§ **PROMPT**: Copy out the lines of the records below, and only those lines, from the one with "everywhere, and a" through the one with "case (less n)", exactly as they appear.

§ **DATA SECTION**:
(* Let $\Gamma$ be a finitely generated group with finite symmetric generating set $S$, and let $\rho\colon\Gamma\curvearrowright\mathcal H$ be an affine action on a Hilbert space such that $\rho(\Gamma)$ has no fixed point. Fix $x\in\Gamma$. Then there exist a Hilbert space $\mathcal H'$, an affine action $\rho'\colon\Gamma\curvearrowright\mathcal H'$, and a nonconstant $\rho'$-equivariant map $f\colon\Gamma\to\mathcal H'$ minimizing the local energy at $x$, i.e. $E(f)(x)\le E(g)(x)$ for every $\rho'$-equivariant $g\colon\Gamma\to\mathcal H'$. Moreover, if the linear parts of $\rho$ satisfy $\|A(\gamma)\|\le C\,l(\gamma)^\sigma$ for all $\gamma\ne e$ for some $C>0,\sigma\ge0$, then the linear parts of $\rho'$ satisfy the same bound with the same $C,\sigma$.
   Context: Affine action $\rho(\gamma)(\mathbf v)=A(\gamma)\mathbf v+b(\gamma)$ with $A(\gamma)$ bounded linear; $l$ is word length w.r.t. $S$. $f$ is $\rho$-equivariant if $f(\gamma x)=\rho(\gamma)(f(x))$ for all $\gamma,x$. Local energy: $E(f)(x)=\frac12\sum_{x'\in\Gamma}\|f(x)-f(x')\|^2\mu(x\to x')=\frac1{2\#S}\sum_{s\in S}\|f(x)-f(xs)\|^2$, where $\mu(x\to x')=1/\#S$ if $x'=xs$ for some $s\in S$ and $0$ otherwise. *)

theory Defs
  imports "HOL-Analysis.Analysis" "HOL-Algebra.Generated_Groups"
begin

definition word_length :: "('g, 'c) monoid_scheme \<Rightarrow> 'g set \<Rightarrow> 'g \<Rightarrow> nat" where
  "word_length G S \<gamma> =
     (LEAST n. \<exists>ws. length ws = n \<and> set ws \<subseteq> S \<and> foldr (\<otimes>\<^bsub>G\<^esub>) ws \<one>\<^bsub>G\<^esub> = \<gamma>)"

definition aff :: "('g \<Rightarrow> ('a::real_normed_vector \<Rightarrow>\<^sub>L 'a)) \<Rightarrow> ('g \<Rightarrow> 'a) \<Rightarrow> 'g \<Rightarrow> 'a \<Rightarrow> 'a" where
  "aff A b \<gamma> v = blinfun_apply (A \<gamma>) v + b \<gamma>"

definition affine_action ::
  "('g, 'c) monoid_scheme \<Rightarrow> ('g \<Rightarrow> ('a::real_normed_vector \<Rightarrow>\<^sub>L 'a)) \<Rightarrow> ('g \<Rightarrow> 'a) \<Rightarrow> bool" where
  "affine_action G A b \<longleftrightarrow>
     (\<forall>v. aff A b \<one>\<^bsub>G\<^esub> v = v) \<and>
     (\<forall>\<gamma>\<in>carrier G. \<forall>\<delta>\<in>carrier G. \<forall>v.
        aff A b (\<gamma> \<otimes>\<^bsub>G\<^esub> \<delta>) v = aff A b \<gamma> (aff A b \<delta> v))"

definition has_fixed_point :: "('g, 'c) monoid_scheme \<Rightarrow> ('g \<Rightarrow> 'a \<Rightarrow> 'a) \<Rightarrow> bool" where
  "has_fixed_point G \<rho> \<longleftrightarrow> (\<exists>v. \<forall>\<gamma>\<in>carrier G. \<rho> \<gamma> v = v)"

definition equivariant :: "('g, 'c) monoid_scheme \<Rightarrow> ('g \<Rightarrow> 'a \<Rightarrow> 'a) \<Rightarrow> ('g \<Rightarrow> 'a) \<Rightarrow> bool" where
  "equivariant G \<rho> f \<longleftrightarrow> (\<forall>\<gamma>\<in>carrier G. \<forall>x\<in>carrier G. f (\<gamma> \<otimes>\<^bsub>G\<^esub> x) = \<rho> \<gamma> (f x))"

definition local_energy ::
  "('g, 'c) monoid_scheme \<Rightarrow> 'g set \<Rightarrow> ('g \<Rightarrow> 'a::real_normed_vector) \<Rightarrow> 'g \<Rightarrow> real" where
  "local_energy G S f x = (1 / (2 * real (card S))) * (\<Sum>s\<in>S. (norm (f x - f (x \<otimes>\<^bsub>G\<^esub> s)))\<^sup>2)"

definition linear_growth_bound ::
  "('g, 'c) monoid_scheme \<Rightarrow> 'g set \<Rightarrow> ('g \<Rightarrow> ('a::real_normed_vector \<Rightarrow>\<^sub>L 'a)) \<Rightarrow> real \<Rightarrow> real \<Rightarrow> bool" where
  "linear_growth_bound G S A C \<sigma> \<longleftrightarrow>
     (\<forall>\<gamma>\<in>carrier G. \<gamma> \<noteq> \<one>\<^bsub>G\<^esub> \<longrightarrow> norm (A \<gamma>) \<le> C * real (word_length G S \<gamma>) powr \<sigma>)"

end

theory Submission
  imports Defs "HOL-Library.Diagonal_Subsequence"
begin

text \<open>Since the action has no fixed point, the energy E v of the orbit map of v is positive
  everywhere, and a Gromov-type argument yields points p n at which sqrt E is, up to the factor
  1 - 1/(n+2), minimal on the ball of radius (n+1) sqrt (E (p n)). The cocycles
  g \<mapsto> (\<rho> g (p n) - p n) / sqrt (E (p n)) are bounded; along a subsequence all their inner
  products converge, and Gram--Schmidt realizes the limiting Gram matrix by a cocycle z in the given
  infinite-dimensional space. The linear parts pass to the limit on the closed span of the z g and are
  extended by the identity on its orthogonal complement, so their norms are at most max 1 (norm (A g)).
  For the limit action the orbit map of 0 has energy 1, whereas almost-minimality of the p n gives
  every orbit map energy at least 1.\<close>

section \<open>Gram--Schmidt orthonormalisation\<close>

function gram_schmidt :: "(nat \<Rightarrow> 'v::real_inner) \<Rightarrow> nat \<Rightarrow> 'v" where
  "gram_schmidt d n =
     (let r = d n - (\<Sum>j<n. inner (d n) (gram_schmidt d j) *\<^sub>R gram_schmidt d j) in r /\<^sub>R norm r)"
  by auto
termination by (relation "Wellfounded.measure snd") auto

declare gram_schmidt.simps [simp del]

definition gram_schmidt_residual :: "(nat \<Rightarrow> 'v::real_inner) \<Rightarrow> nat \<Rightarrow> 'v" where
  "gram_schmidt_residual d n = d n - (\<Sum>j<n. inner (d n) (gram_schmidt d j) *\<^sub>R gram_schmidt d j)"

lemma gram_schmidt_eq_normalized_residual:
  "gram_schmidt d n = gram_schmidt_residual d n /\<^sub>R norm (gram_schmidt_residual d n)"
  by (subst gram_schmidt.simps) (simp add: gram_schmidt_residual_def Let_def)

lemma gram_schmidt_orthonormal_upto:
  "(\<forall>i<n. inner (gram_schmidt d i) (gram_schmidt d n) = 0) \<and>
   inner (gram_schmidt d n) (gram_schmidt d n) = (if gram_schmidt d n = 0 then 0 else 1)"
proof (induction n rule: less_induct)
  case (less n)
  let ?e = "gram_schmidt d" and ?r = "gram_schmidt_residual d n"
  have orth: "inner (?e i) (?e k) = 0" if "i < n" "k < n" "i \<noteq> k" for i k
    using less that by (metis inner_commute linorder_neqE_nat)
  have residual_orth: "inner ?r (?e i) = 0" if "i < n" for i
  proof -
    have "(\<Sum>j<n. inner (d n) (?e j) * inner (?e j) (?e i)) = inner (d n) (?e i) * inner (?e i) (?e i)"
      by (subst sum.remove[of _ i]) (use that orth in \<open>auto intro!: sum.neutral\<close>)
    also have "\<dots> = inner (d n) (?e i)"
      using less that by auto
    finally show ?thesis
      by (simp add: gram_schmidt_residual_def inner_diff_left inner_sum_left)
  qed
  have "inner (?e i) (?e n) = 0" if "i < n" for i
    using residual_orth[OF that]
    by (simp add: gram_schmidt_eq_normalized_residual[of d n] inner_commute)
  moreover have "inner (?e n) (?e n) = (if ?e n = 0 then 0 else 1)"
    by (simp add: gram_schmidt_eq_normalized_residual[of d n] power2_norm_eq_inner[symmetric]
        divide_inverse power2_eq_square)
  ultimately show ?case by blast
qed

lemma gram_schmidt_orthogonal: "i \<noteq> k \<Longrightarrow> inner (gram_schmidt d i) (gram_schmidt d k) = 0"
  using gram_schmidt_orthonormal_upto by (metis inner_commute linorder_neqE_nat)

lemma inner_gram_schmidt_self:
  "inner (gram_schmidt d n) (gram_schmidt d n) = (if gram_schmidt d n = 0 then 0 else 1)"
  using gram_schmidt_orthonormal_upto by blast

§ **TASK RESULT**:
  everywhere, and a Gromov-type argument yields points p n at which sqrt E is, up to the factor
  1 - 1/(n+2), minimal on the ball of radius (n+1) sqrt (E (p n)). The cocycles
  g \<mapsto> (\<rho> g (p n) - p n) / sqrt (E (p n)) are bounded; along a subsequence all their inner
  products converge, and Gram--Schmidt realizes the limiting Gram matrix by a cocycle z in the given
  infinite-dimensional space. The linear parts pass to the limit on the closed span of the z g and are
  extended by the identity on its orthogonal complement, so their norms are at most max 1 (norm (A g)).
  For the limit action the orbit map of 0 has energy 1, whereas almost-minimality of the p n gives
  every orbit map energy at least 1.\<close>

section \<open>Gram--Schmidt orthonormalisation\<close>

function gram_schmidt :: "(nat \<Rightarrow> 'v::real_inner) \<Rightarrow> nat \<Rightarrow> 'v" where
  "gram_schmidt d n =
     (let r = d n - (\<Sum>j<n. inner (d n) (gram_schmidt d j) *\<^sub>R gram_schmidt d j) in r /\<^sub>R norm r)"
  by auto
termination by (relation "Wellfounded.measure snd") auto

declare gram_schmidt.simps [simp del]

definition gram_schmidt_residual :: "(nat \<Rightarrow> 'v::real_inner) \<Rightarrow> nat \<Rightarrow> 'v" where
  "gram_schmidt_residual d n = d n - (\<Sum>j<n. inner (d n) (gram_schmidt d j) *\<^sub>R gram_schmidt d j)"

lemma gram_schmidt_eq_normalized_residual:
  "gram_schmidt d n = gram_schmidt_residual d n /\<^sub>R norm (gram_schmidt_residual d n)"
  by (subst gram_schmidt.simps) (simp add: gram_schmidt_residual_def Let_def)

lemma gram_schmidt_orthonormal_upto:
  "(\<forall>i<n. inner (gram_schmidt d i) (gram_schmidt d n) = 0) \<and>
   inner (gram_schmidt d n) (gram_schmidt d n) = (if gram_schmidt d n = 0 then 0 else 1)"
proof (induction n rule: less_induct)
  case (less n)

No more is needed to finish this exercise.